## PROBLEM DETAILS
Look below for the line containing "using assms by (intro floor_log_eqI) auto"; from there through the line containing "using power_less_imp_less_exp[of 2 s", both lines included, please set down each line exactly and nothing else.

(Dataset entries)
(* Let $k\ge 2$ and $m\ge1$ be integers. Let $U_k$ be the $(2^k-1-k)\times(2^k-1)$ binary matrix whose columns are indexed by $1,\dots,2^k-1$ and whose rows are indexed by the integers $r\in\{1,\dots,2^k-1\}$ that are not powers of $2$, where the row indexed by $r$, with $2^t<r<2^{t+1}$, has $1$-entries exactly in columns $r$, $r-2^t$, $2^t$. Let $T_k$ be the square $(2^k-1-k)\times(2^k-1-k)$ submatrix of $U_k$ formed by the columns whose index is not a power of $2$, and $R_k$ the $(2^k-1-k)\times k$ submatrix formed by the columns indexed by $2^{k-1},\dots,2,1$ (in this order). Define the $((2^k-1)m-k)\times((2^k-1)m)$ binary block matrix \[ U_{k,m}=\left(\begin{array}{ccc|c|c} T_k&&&&R_k\\ &\ddots&&&\vdots\\ &&T_k&&R_k\\\hline &&&I_{(m-1)k}&\begin{array}{c}I_k\\ \vdots\\ I_k\end{array} \end{array}\right), \] where there are $m$ diagonal copies of $T_k$, the last block column consists of $m$ copies of $R_k$ stacked above $m-1$ copies of $I_k$, and all unspecified blocks are zero. Then $u(U_{k,m})\ge 2^{k-1}m$.
   Context: All matrices are binary; $I_j$ is the $j\times j$ identity. For a nonempty set $S$ of columns of a binary matrix, let $z$ be the sum over the integers of the columns in $S$; $S$ is $1$-free if no entry of $z$ equals $1$. For a binary $m'\times n'$ matrix $A$ with $m'<n'$, $u(A)$ is the smallest cardinality of a nonempty $1$-free set of columns of $A$. *)

theory Defs
  imports Main
begin

text \<open>Binary matrices are represented as functions nat => nat => bool
  (row index, column index, 0-based), together with explicit dimensions.\<close>

definition one_free :: "(nat \<Rightarrow> nat \<Rightarrow> bool) \<Rightarrow> nat \<Rightarrow> nat set \<Rightarrow> bool" where
  "one_free A mr S \<longleftrightarrow> (\<forall>i<mr. (\<Sum>j\<in>S. (of_bool (A i j) :: int)) \<noteq> 1)"

definition u_min :: "(nat \<Rightarrow> nat \<Rightarrow> bool) \<Rightarrow> nat \<Rightarrow> nat \<Rightarrow> nat" where
  "u_min A mr nc = (LEAST c. \<exists>S. S \<subseteq> {..<nc} \<and> S \<noteq> {} \<and> one_free A mr S \<and> card S = c)"

definition is_pow2 :: "nat \<Rightarrow> bool" where
  "is_pow2 r \<longleftrightarrow> (\<exists>t. r = 2 ^ t)"

definition U_entry :: "nat \<Rightarrow> nat \<Rightarrow> bool" where
  "U_entry r c \<longleftrightarrow> (\<exists>t. 2 ^ t < r \<and> r < 2 ^ (t + 1) \<and> (c = r \<or> c = r - 2 ^ t \<or> c = 2 ^ t))"

definition nonpow :: "nat \<Rightarrow> nat list" where
  "nonpow k = filter (\<lambda>r. \<not> is_pow2 r) [1..<2 ^ k]"

definition T_mat :: "nat \<Rightarrow> nat \<Rightarrow> nat \<Rightarrow> bool" where
  "T_mat k i j = U_entry (nonpow k ! i) (nonpow k ! j)"

definition R_mat :: "nat \<Rightarrow> nat \<Rightarrow> nat \<Rightarrow> bool" where
  "R_mat k i j = U_entry (nonpow k ! i) (2 ^ (k - 1 - j))"

text \<open>The block matrix U_{k,m}; p = 2^k-1-k. Column blocks: m copies of T_k (width m*p),
  identity part (width (m-1)*k), last block column (width k).\<close>
definition Ukm :: "nat \<Rightarrow> nat \<Rightarrow> nat \<Rightarrow> nat \<Rightarrow> bool" where
  "Ukm k m i j = (let p = 2 ^ k - 1 - k in
     if i < m * p then
       (if j < m * p then j div p = i div p \<and> T_mat k (i mod p) (j mod p)
        else if j < m * p + (m - 1) * k then False
        else R_mat k (i mod p) (j - m * p - (m - 1) * k))
     else
       (if j < m * p then False
        else if j < m * p + (m - 1) * k then j - m * p = i - m * p
        else j - m * p - (m - 1) * k = (i - m * p) mod k))"

end

theory Submission
  imports Defs "HOL-Library.Discrete_Functions"
begin

text \<open>
  A nonempty 1-free set S of column labels of U_k has at least 2^(k-1) elements and contains a
  power of 2. Indeed, row 2^(k-1) + a of U_k meets only the labels a, 2^(k-1) + a and 2^(k-1).
  If 2^(k-1) is in S, these rows put a or 2^(k-1) + a into S for every 0 < a < 2^(k-1);
  otherwise they make S the union of its lower half and a translate of it, and the lower half is
  1-free for U_(k-1).

  In U_(k,m) an identity row meets one identity column and one column of the last block
  column, so a 1-free set S contains both or neither. Thus the R_k-columns selected by S are
  selected in every diagonal block: the columns of S in block b together with the selected
  R_k-columns form a 1-free label set of U_k. One of these m label sets is nonempty, so it
  contains a power of 2, i.e. some R_k-column is selected; hence all of them are nonempty and
  S has at least m 2^(k-1) elements, as distinct pairs (block, label) come from distinct columns
  of S, the identity columns standing in for the R_k-columns of all blocks but the first.
\<close>

lemma floor_log_eq_if_bracket:
  assumes "2 ^ t < r" "r < 2 ^ Suc t"
  shows "floor_log r = t"
  using assms by (intro floor_log_eqI) auto

lemma U_entry_iff:
  assumes "2 ^ t < r" "r < 2 ^ Suc t"
  shows "U_entry r c \<longleftrightarrow> c = r \<or> c = r - 2 ^ t \<or> c = 2 ^ t"
proof -
  have "s = t" if "2 ^ s < r" "r < 2 ^ Suc s" for s
    using floor_log_eq_if_bracket[OF that] floor_log_eq_if_bracket[OF assms] by simp
  then show ?thesis
    unfolding U_entry_def using assms by (metis Suc_eq_plus1)
qed

lemma not_is_pow2_if_bracket:
  fixes r :: nat
  assumes "2 ^ t < r" "r < 2 ^ Suc t"
  shows "\<not> is_pow2 r"
proof
  assume "is_pow2 r"
  then obtain s where "r = 2 ^ s" unfolding is_pow2_def by blast
  have "t < s"
    using power_less_imp_less_exp[of 2 t s] assms(1) \<open>r = 2 ^ s\<close> by simp
  moreover have "s < Suc t"
    using power_less_imp_less_exp[of 2 s "Suc t"] assms(2) \<open>r = 2 ^ s\<close> by simp
  ultimately show False by simp
qed

lemma bracket_if_not_is_pow2:
  fixes r :: nat
  assumes "0 < r" "\<not> is_pow2 r"
  obtains t where "2 ^ t < r" "r < 2 ^ Suc t"
proof
  have "2 ^ floor_log r \<noteq> r"
    using assms(2) unfolding is_pow2_def by metis
  with floor_log_exp2_le[OF assms(1)] show "2 ^ floor_log r < r" by simp
  show "r < 2 ^ Suc (floor_log r)"
    using floor_log_exp2_gt[of r] by simp
qed

lemma U_entry_le: "U_entry r c \<Longrightarrow> c \<le> r"
  unfolding U_entry_def by auto

lemma card_U_row:
  assumes "0 < r" "r < 2 ^ k" "\<not> is_pow2 r"
  shows "card {c \<in> {1..<2 ^ k}. U_entry r c} = 3"
proof -
  obtain t where t: "2 ^ t < r" "r < 2 ^ Suc t"
    using bracket_if_not_is_pow2 assms(1,3) by blast
  have "(2::nat) ^ t < 2 ^ k"
    using t(1) assms(2) by linarith
  then have "{c \<in> {1..<2 ^ k}. U_entry r c} = {r, r - 2 ^ t, 2 ^ t}"
    using U_entry_iff[OF t] t assms(2) by auto
  moreover have "r - 2 ^ t < 2 ^ t"
    using t by simp
  ultimately show ?thesis
    using t by simp
qed

definition U_one_free :: "nat \<Rightarrow> nat set \<Rightarrow> bool" where
  "U_one_free k S \<longleftrightarrow>
     (\<forall>r. 0 < r \<longrightarrow> r < 2 ^ k \<longrightarrow> \<not> is_pow2 r \<longrightarrow> card {c \<in> S. U_entry r c} \<noteq> 1)"

lemma U_one_free_top_row:
  assumes "U_one_free (Suc k) S" "0 < a" "a < 2 ^ k"
  shows "card ({2 ^ k + a, a, 2 ^ k} \<inter> S) \<noteq> 1"
proof -
  have bracket: "2 ^ k < 2 ^ k + a" "2 ^ k + a < 2 ^ Suc k"
    using assms(2,3) by simp_all
  have "U_entry (2 ^ k + a) c \<longleftrightarrow> c \<in> {2 ^ k + a, a, 2 ^ k}" for c
    using U_entry_iff[OF bracket, of c] by simp
  then have "{c \<in> S. U_entry (2 ^ k + a) c} = {2 ^ k + a, a, 2 ^ k} \<inter> S"
    by blast
  moreover have "card {c \<in> S. U_entry (2 ^ k + a) c} \<noteq> 1"
    using assms(1)[unfolded U_one_free_def, rule_format, of "2 ^ k + a"]
      bracket(2) not_is_pow2_if_bracket[OF bracket] by simp
  ultimately show ?thesis
    by simp
qed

## SOLUTION TO THE EXERCISE
  using assms by (intro floor_log_eqI) auto

lemma U_entry_iff:
  assumes "2 ^ t < r" "r < 2 ^ Suc t"
  shows "U_entry r c \<longleftrightarrow> c = r \<or> c = r - 2 ^ t \<or> c = 2 ^ t"
proof -
  have "s = t" if "2 ^ s < r" "r < 2 ^ Suc s" for s
    using floor_log_eq_if_bracket[OF that] floor_log_eq_if_bracket[OF assms] by simp
  then show ?thesis
    unfolding U_entry_def using assms by (metis Suc_eq_plus1)
qed

lemma not_is_pow2_if_bracket:
  fixes r :: nat
  assumes "2 ^ t < r" "r < 2 ^ Suc t"
  shows "\<not> is_pow2 r"
proof
  assume "is_pow2 r"
  then obtain s where "r = 2 ^ s" unfolding is_pow2_def by blast
  have "t < s"
    using power_less_imp_less_exp[of 2 t s] assms(1) \<open>r = 2 ^ s\<close> by simp
  moreover have "s < Suc t"
    using power_less_imp_less_exp[of 2 s "Suc t"] assms(2) \<open>r = 2 ^ s\<close> by simp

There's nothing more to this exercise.